• [Your task]
Going down the listing below, print exactly each line from the one with "bos \<beta> \<theta> \<mu> r" up to and including the one with "(* For every", and skip the rest.

• [Data to examine]
(* Let $d\ge1$, $\beta>0$, $\theta:[0,\infty)\to[0,\infty)$ continuous with $\theta(x)>0$ for $x>0$ and $h_\pm<\infty$; $\mu>0$ for bosons, $\mu\in\mathbb{R}$ for fermions. Let $\vec K^L\sim\mathcal{P}^L_\pm$ independently over $L$. For any $\epsilon>0$, almost surely $$\lim_{L\to\infty}\frac{1}{L^d}\#\Big\{\vec u\in B_{\vec1}(L): R^L_{\vec u}(\vec K^L)\le\Big(\frac{\log L\,(1-\epsilon)}{E^L_{\vec u}}\Big)^{1/d}\Big\}=0.$$
   Context: Put $q_{\vec n}^L=e^{-\beta(\theta(\|\vec n\|/L)+\mu)}$. Bosons: under $\mathcal{P}^L_+$ the $K_{\vec n}$, $\vec n\in\mathbb{Z}^d$, are independent with $\mathbb{P}(K_{\vec n}=k)=(1-q^L_{\vec n})(q^L_{\vec n})^k$, $k\ge0$. Fermions: independent $\{0,1\}$-valued with $\mathbb{P}(K_{\vec n}=1)=q^L_{\vec n}/(1+q^L_{\vec n})$. $h_\pm=\int_{\mathbb{R}^d}\big(\mp\log(1\mp e^{-\beta(\theta(\|\vec y\|)+\mu)})+\beta(\theta(\|\vec y\|)+\mu)\frac{e^{-\beta(\theta(\|\vec y\|)+\mu)}}{1\mp e^{-\beta(\theta(\|\vec y\|)+\mu)}}\big)d\vec y$. $E^L_{\vec u}$ is the Shannon entropy (natural log) of $K_{\vec u}$ under $\mathcal{P}^L_\pm$. $B_{\vec u}(s)=\{\vec n\in\mathbb{Z}^d:u_i\le n_i\le u_i+s-1\ \forall i\}$, $\vec k_{\vec u}(s)=(k_{\vec n})_{\vec n\in B_{\vec u}(s)}$, $R^L_{\vec u}(\vec k)=\inf\{s\ge1:\vec k_{\vec u}(s)\ne\vec k_{\vec v}(s)\ \forall\vec v\ne\vec u,\ \vec v\in B_{\vec1}(L)\}$. *)

theory Defs
  imports "HOL-Probability.Probability"
begin

text \<open>Lattice points of Z^d are \<open>int ^ 'd\<close>; d = CARD('d).\<close>

definition lat_norm :: "int ^ 'd \<Rightarrow> real" where
  "lat_norm n = norm ((\<chi> i. real_of_int (n $ i)) :: real ^ 'd)"

definition qpar :: "real \<Rightarrow> (real \<Rightarrow> real) \<Rightarrow> real \<Rightarrow> nat \<Rightarrow> int ^ 'd \<Rightarrow> real" where
  "qpar \<beta> \<theta> \<mu> L n = exp (- \<beta> * (\<theta> (lat_norm n / real L) + \<mu>))"

text \<open>Law of a single occupation number K_n under P^L_+ (bos = True) or P^L_- (bos = False).\<close>
definition Kdist :: "bool \<Rightarrow> real \<Rightarrow> (real \<Rightarrow> real) \<Rightarrow> real \<Rightarrow> nat \<Rightarrow> int ^ 'd \<Rightarrow> nat pmf" where
  "Kdist bos \<beta> \<theta> \<mu> L n =
     (let q = qpar \<beta> \<theta> \<mu> L n in
      if bos then geometric_pmf (1 - q)
      else map_pmf (\<lambda>b. if b then 1 else 0) (bernoulli_pmf (q / (1 + q))))"

definition entropy_nat :: "nat pmf \<Rightarrow> real" where
  "entropy_nat p = (\<Sum>k. - (pmf p k * ln (pmf p k)))"

definition Ent :: "bool \<Rightarrow> real \<Rightarrow> (real \<Rightarrow> real) \<Rightarrow> real \<Rightarrow> nat \<Rightarrow> int ^ 'd \<Rightarrow> real" where
  "Ent bos \<beta> \<theta> \<mu> L u = entropy_nat (Kdist bos \<beta> \<theta> \<mu> L u)"

text \<open>Integrand of h_+ (bos) / h_- (not bos), as a function of r = ||y||.\<close>
definition hdens :: "bool \<Rightarrow> real \<Rightarrow> (real \<Rightarrow> real) \<Rightarrow> real \<Rightarrow> real \<Rightarrow> real" where
  "hdens bos \<beta> \<theta> \<mu> r =
     (let x = \<beta> * (\<theta> r + \<mu>) in
      if bos then - ln (1 - exp (- x)) + x * exp (- x) / (1 - exp (- x))
      else ln (1 + exp (- x)) + x * exp (- x) / (1 + exp (- x)))"
(* For every $n\ge 3$ there exist distributions $G_1,\dots,G_n$ satisfying the standing assumptions for which no ordinal SCF solves program (OPT); that is, for these distributions there is an anonymous BIC SCF $f$ with $W(f)>W(g)$ for every ordinal, anonymous, BIC SCF $g$.
   Context: There are $n\ge 2$ agents $N=\{1,\dots,n\}$ choosing between a Reform $R$ and the Status quo $S$. Agent $i$ gets utility $0$ if $S$ is chosen and utility $v_i\in\mathbb{R}$ if $R$ is chosen. Values are independent random variables $\tilde v_1,\dots,\tilde v_n$, $\tilde v_i\sim G_i$ (Borel probability distributions on $\mathbb{R}$, $G_i(0)=\Pr(\tilde v_i\le 0)$). Standing assumptions: all $\tilde v_i$ have the same support $V$ with $0\notin V$; $\mathbb{E}|\tilde v_i|<\infty$; $p_i:=1-G_i(0)\in(0,1)$. An SCF is a Borel measurable $f:V^n\to[0,1]$ (probability of choosing $R$). $f$ is anonymous if $f(v)=f(\pi v)$ for every $v\in V^n$ and every permutation $\pi$ of $N$, where $\pi v=(v_{\pi(1)},\dots,v_{\pi(n)})$. $f$ is BIC if for every $i$ and all $v_i,v_i'\in V$: $v_i\,\mathbb{E}(f(v_i,\tilde v_{-i}))\ge v_i\,\mathbb{E}(f(v_i',\tilde v_{-i}))$ (expectation over $\tilde v_{-i}=(\tilde v_j)_{j\neq i}$). Expected welfare is $W(f)=\mathbb{E}\big(f(\tilde v)\sum_{i=1}^n\tilde v_i\big)$. Program (OPT): maximize $W(f)$ subject to $f$ being anonymous and BIC. For $v\in V^n$ let $\chi(v)=\{i\in N: v_i>0\}$. $f$ is ordinal if $f(v)=f(v')$ whenever $\chi(v)=\chi(v')$. *)

theory Defs
  imports "HOL-Probability.Probability"
begin

text \<open>Agents are indexed by 0..<n; a profile is an (extensional) function nat => real,
  i.e. an element of PiE {..<n} (\<lambda>_. V).\<close>

definition support_of :: "real measure \<Rightarrow> real set" where
  "support_of M = {x. \<forall>e>0. measure M (ball x e) > 0}"
lemma block_chains_frozen_block:
  assumes "R \<subseteq> {a..b}" and "g \<in> PiE R (\<lambda>s. {..<F s})"
  shows "block_chains a b (frozen_block F R g) = {x \<in> layer_chains F a b. restrict x R = g}"
proof (intro set_eqI iffI)
  fix x assume x: "x \<in> block_chains a b (frozen_block F R g)"
  have level: "x s \<in> frozen_block F R g s" if "s \<in> {a..b}" for s
    using x that by (auto simp: block_chains_def)
  have "restrict x R = g"
  proof (rule extensionalityI[of _ R])
    show "g \<in> extensional R" using assms(2) by (simp add: PiE_iff)
    show "restrict x R s = g s" if "s \<in> R" for s
      using level[of s] that assms(1) by (auto simp: frozen_block_def)
  qed simp
  moreover have "x \<in> layer_chains F a b"
    using x level assms(2) unfolding layer_chains_def block_chains_def frozen_block_def
    by (fastforce simp: PiE_iff split: if_splits)
  ultimately show "x \<in> {x \<in> layer_chains F a b. restrict x R = g}" by simp
next
  fix x assume "x \<in> {x \<in> layer_chains F a b. restrict x R = g}"
  then show "x \<in> block_chains a b (frozen_block F R g)"
    using assms unfolding block_chains_def layer_chains_def frozen_block_def
    by (auto simp: PiE_iff)
qed

lemma frozen_block_is_block:
  assumes "1 \<le> a" and "R \<subseteq> {a..b}" and "g \<in> PiE R (\<lambda>s. {..<F s})"
    and "bij_betw \<sigma> {1..b - a + 1} {1..b - a + 1}"
    and "\<And>i. i \<in> {1..b - a + 1} \<Longrightarrow> F (\<sigma> i) = (if a - 1 + i \<in> R then 1 else F (a - 1 + i))"
  shows "is_block F a b \<sigma> (frozen_block F R g)"
  unfolding is_block_def
proof (intro conjI ballI assms(4))
  fix i assume i: "i \<in> {1..b - a + 1}"
  show "frozen_block F R g (a - 1 + i) \<subseteq> {..<F (a - 1 + i)}"
    using assms(3) by (auto simp: frozen_block_def PiE_iff)
  show "finite (frozen_block F R g (a - 1 + i))"
    by (simp add: frozen_block_def)
  show "card (frozen_block F R g (a - 1 + i)) = F (\<sigma> i)"
    using assms(5)[OF i] by (simp add: frozen_block_def)
qed
(* Let $p\geq 1$, $\vec n\in\mathbb N_0^p$, $N\in\mathbb N_0$ with $|\vec n|\le N$, and let $\alpha_1,\dots,\alpha_p,\beta,x\in\mathbb R$ be such that all Pochhammer symbols appearing in denominators below are nonzero. Then $$\sum_{l_1=0}^{n_1}\cdots\sum_{l_p=0}^{n_p}\frac{(-N)_{l_1+\cdots+l_p}(x)_{l_1+\cdots+l_p}}{(x+\beta+2)_{l_1+\cdots+l_p}}C^{l_1,\dots,l_p}_{\vec n}=\frac{(\beta+2)_{|\vec n|-1}(-N)_{|\vec n|}}{(x+\beta+2)_{|\vec n|}\prod_{q=1}^p(\alpha_q+\beta+|\vec n|+1)_{n_q}}\Big((x+\beta+|\vec n|+1)\prod_{q=1}^p(\alpha_q-x+1)_{n_q}-x\prod_{q=1}^p(\alpha_q-x)_{n_q}\Big).$$
   Context: $(a)_m=a(a+1)\cdots(a+m-1)$, $(a)_0=1$, and for $m\ge1$, $(a)_{m-1}$ is as usual; $|\vec n|=n_1+\cdots+n_p$. The coefficients are $$C^{l_1,\dots,l_p}_{\vec n}=\frac{(-N)_{|\vec n|}}{(-N)_{l_1+\cdots+l_p}}\prod_{i=1}^p\frac{(\alpha_i+1)_{n_i}}{(\alpha_i+\beta+|\vec n|+1)_{n_i}}\frac{(-n_i)_{l_i}}{l_i!}\frac{(\alpha_i+\beta+\sum_{k=1}^i n_k+1)_{\sum_{j=i}^p l_j}}{(\alpha_i+1)_{\sum_{j=i}^p l_j}}\prod_{i=1}^{p-1}\frac{(\alpha_i+n_i+1)_{\sum_{j=i+1}^p l_j}}{(\alpha_i+\beta+\sum_{k=1}^i n_k+1)_{\sum_{j=i+1}^p l_j}}.$$ *)

theory Defs
  imports Complex_Main
begin
lemma divert_perturbation:
  fixes w :: "nat \<Rightarrow> 's::finite \<Rightarrow> 'a::finite"
  assumes "0 \<le> \<eta>" "\<eta> \<le> 1"
  shows "(\<lambda>h s a s'. \<Sum>a'\<in>UNIV. T h s a' s' * divert_kernel \<eta> (w h s) a a',
          \<lambda>h s a. \<Sum>a'\<in>UNIV. R h s a' * divert_kernel \<eta> (w h s) a a') \<in> perturbations H T R \<eta>"
proof (rule perturbationsI)
  show "(\<Sum>a'\<in>UNIV. divert_kernel \<eta> (w h s) a a') = 1" for h s a
    using sum_mult_divert_kernel[of "\<lambda>_. 1"] by simp
qed (use assms in \<open>auto simp: divert_kernel_def\<close>)

lemma rdp_V_Suc_horizon: "rdp_V H T R \<eta> (Suc H) s = 0"
  by (simp add: rdp_V_def)

lemma rdp_V_eq_Max_Min:
  assumes "h \<in> {1..H}"
  shows "rdp_V H T R \<eta> h s
    = (1 - \<eta>) * Max (range (rdp_Q H T R \<eta> h s)) + \<eta> * Min (range (rdp_Q H T R \<eta> h s))"
proof -
  have "H + 1 - h = Suc (H - h)" "H - (H - h) = h" "H + 1 - (h + 1) = H - h"
    using assms by auto
  then show ?thesis
    unfolding rdp_V_def rdp_Q_def by (simp add: Let_def)
qed

lemma lookahead_rdp_V_perturbed:
  fixes T :: "('s::finite,'a::finite) trans"
  assumes "\<And>s'. T' h s a s' = (\<Sum>a'\<in>UNIV. T h s a' s' * xi a')"
    and "R' h s a = (\<Sum>a'\<in>UNIV. R h s a' * xi a')"
  shows "R' h s a + (\<Sum>s'\<in>UNIV. T' h s a s' * rdp_V H T R \<eta> (Suc h) s')
    = (\<Sum>a'\<in>UNIV. rdp_Q H T R \<eta> h s a' * xi a')"
proof -
  let ?V = "rdp_V H T R \<eta> (Suc h)"
  have "(\<Sum>s'\<in>UNIV. T' h s a s' * ?V s') = (\<Sum>s'\<in>UNIV. \<Sum>a'\<in>UNIV. T h s a' s' * xi a' * ?V s')"
    by (simp add: assms(1) sum_distrib_right)
  also have "\<dots> = (\<Sum>a'\<in>UNIV. \<Sum>s'\<in>UNIV. T h s a' s' * xi a' * ?V s')"
    by (rule sum.swap)
  also have "\<dots> = (\<Sum>a'\<in>UNIV. (\<Sum>s'\<in>UNIV. T h s a' s' * ?V s') * xi a')"
    unfolding sum_distrib_right by (simp add: mult_ac)
  finally show ?thesis
    by (simp add: assms(2) rdp_Q_def distrib_right sum.distrib)
qed

lemma rdp_output_value_ge:
  assumes "valid_mdp H T R" "rdp_output H T R \<eta> rho" "(T', R') \<in> perturbations H T R \<eta>"
  shows "rdp_V H T R \<eta> 1 s0 \<le> value_fun H s0 T' R' rho"
proof -
  obtain xi where xi: "\<And>h s a a'. h \<in> {1..H} \<Longrightarrow> 0 \<le> xi h s a a'"
    "\<And>h s a. h \<in> {1..H} \<Longrightarrow> (\<Sum>a'\<in>UNIV. xi h s a a') = 1"
    "\<And>h s a. h \<in> {1..H} \<Longrightarrow> 1 - \<eta> \<le> xi h s a a"
    and T': "\<And>h s a s'. h \<in> {1..H} \<Longrightarrow> T' h s a s' = (\<Sum>a'\<in>UNIV. T h s a' s' * xi h s a a')"
    and R': "\<And>h s a. h \<in> {1..H} \<Longrightarrow> R' h s a = (\<Sum>a'\<in>UNIV. R h s a' * xi h s a a')"
    using assms(3) by (rule perturbationsE) blast
  have residual_nonneg: "0 \<le> bellman_residual T' R' (rdp_V H T R \<eta>) rho h s"
    if h: "h \<in> {1..H}" for h s
  proof -
    have "rdp_V H T R \<eta> h s \<le> (\<Sum>a'\<in>UNIV. rdp_Q H T R \<eta> h s a' * xi h s (rho h s) a')"
      unfolding rdp_V_eq_Max_Min[OF h]
      by (rule sum_mult_ge_Max_Min[where a = "rho h s"])
        (use xi h assms(2) in \<open>auto simp: rdp_output_def\<close>)
    also have "\<dots> = R' h s (rho h s) + (\<Sum>s'\<in>UNIV. T' h s (rho h s) s' * rdp_V H T R \<eta> (Suc h) s')"
      by (rule lookahead_rdp_V_perturbed[symmetric]) (use T' R' h in auto)
    finally show ?thesis
      by (simp add: bellman_residual_def)
  qed
  show ?thesis
    using perturbation_valid_mdp[OF assms(1,3)] rdp_V_Suc_horizon residual_nonneg
    by (rule value_fun_ge_if_residual_nonneg[where U = "rdp_V H T R \<eta>"])
qed
(* Let $G$ be a locally compact group with Haar measure $\nu$. For every open symmetric relatively compact neighborhood $V$ of the identity and every compact set $B\subseteq G$ there exist a regular compact set $C'$ and finitely many elements $g_1,\dots,g_n\in G$ such that: the interior of $C'$ is $V$-connected; $\nu(\partial C')=0$; $B\subseteq\bigcup_{i=1}^n g_iC'$; and $g_iC'V\cap g_jC'V=\emptyset$ for $i\neq j$.
   Context: A compact set is regular if it equals the closure of its interior. A set $S\subseteq G$ is $V$-disconnected if there is $A\subseteq S$ with $A\neq\emptyset$, $A\neq S$ and $AV\cap S=A$; otherwise $S$ is $V$-connected. $\partial C'$ is the topological boundary. *)

theory Defs
  imports "HOL-Analysis.Analysis" "HOL-Probability.Probability"
begin

text \<open>Groups are written additively (class group_add, not necessarily commutative):
  g C' is rendered as the left translate ((+) g) ` C', and A V as the pointwise sum set.\<close>

definition setmul :: "'a::plus set \<Rightarrow> 'a set \<Rightarrow> 'a set" where
  "setmul A B = {a + b | a b. a \<in> A \<and> b \<in> B}"

definition topological_group :: "'a::{topological_space, group_add} itself \<Rightarrow> bool" where
  "topological_group _ \<longleftrightarrow>
     continuous_on (UNIV :: ('a \<times> 'a) set) (\<lambda>p. fst p + snd p) \<and>
     continuous_on (UNIV :: 'a set) uminus"

definition locally_compact_group :: "'a::{t2_space, group_add} itself \<Rightarrow> bool" where
  "locally_compact_group T \<longleftrightarrow> topological_group T \<and>
     locally_compact_space (euclidean :: 'a topology)"

definition haar_measure :: "'a::{t2_space, group_add} measure \<Rightarrow> bool" where
  "haar_measure \<nu> \<longleftrightarrow>
     sets \<nu> = sets borel \<and>
     (\<forall>g A. A \<in> sets borel \<longrightarrow> emeasure \<nu> ((+) g ` A) = emeasure \<nu> A) \<and>
     (\<forall>K. compact K \<longrightarrow> emeasure \<nu> K < \<infinity>) \<and>
     (\<forall>U. open U \<and> U \<noteq> {} \<longrightarrow> emeasure \<nu> U > 0) \<and>
     (\<forall>A \<in> sets borel. emeasure \<nu> A = (INF U \<in> {U. open U \<and> A \<subseteq> U}. emeasure \<nu> U)) \<and>
     (\<forall>U. open U \<longrightarrow> emeasure \<nu> U = (SUP K \<in> {K. compact K \<and> K \<subseteq> U}. emeasure \<nu> K))"

definition regular_compact :: "'a::topological_space set \<Rightarrow> bool" where
  "regular_compact C \<longleftrightarrow> compact C \<and> C = closure (interior C)"

definition V_connected :: "'a::plus set \<Rightarrow> 'a set \<Rightarrow> bool" where
  "V_connected V S \<longleftrightarrow>
     \<not> (\<exists>A. A \<subseteq> S \<and> A \<noteq> {} \<and> A \<noteq> S \<and> setmul A V \<inter> S = A)"

end

theory Submission
  imports Defs
begin

(* Since V is symmetric, the points reachable from 0 by finitely many V-steps form a subgroup H,
   and H contains the closure of V. Finitely many translates x + V cover B; choosing one
   representative g in each coset of H that meets them, B is covered by the translates g + K of
   one compact K inside H, the g lying in pairwise distinct cosets. Every point of H is joined
   to 0 by a finite V-chain, so K is covered by F + V for a finite V-connected F in H. A Urysohn
   function that vanishes on K and F and equals 1 outside F + V has level sets of measure zero
   for all but countably many levels t; the closure C' of its sublevel set at such a t is
   regular compact with null frontier. As F lies in the interior of C' and the interior lies in
   F + V, the interior is V-connected; and C' + V stays in H, so translates of C' + V by
   distinct coset representatives are disjoint. *)

lemma setmul_iff: "z \<in> setmul A V \<longleftrightarrow> (\<exists>a\<in>A. \<exists>v\<in>V. z = a + v)"
  unfolding setmul_def by auto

• [Task output]
  "hdens bos \<beta> \<theta> \<mu> r =
     (let x = \<beta> * (\<theta> r + \<mu>) in
      if bos then - ln (1 - exp (- x)) + x * exp (- x) / (1 - exp (- x))
      else ln (1 + exp (- x)) + x * exp (- x) / (1 + exp (- x)))"
(* For every $n\ge 3$ there exist distributions $G_1,\dots,G_n$ satisfying the standing assumptions for which no ordinal SCF solves program (OPT); that is, for these distributions there is an anonymous BIC SCF $f$ with $W(f)>W(g)$ for every ordinal, anonymous, BIC SCF $g$.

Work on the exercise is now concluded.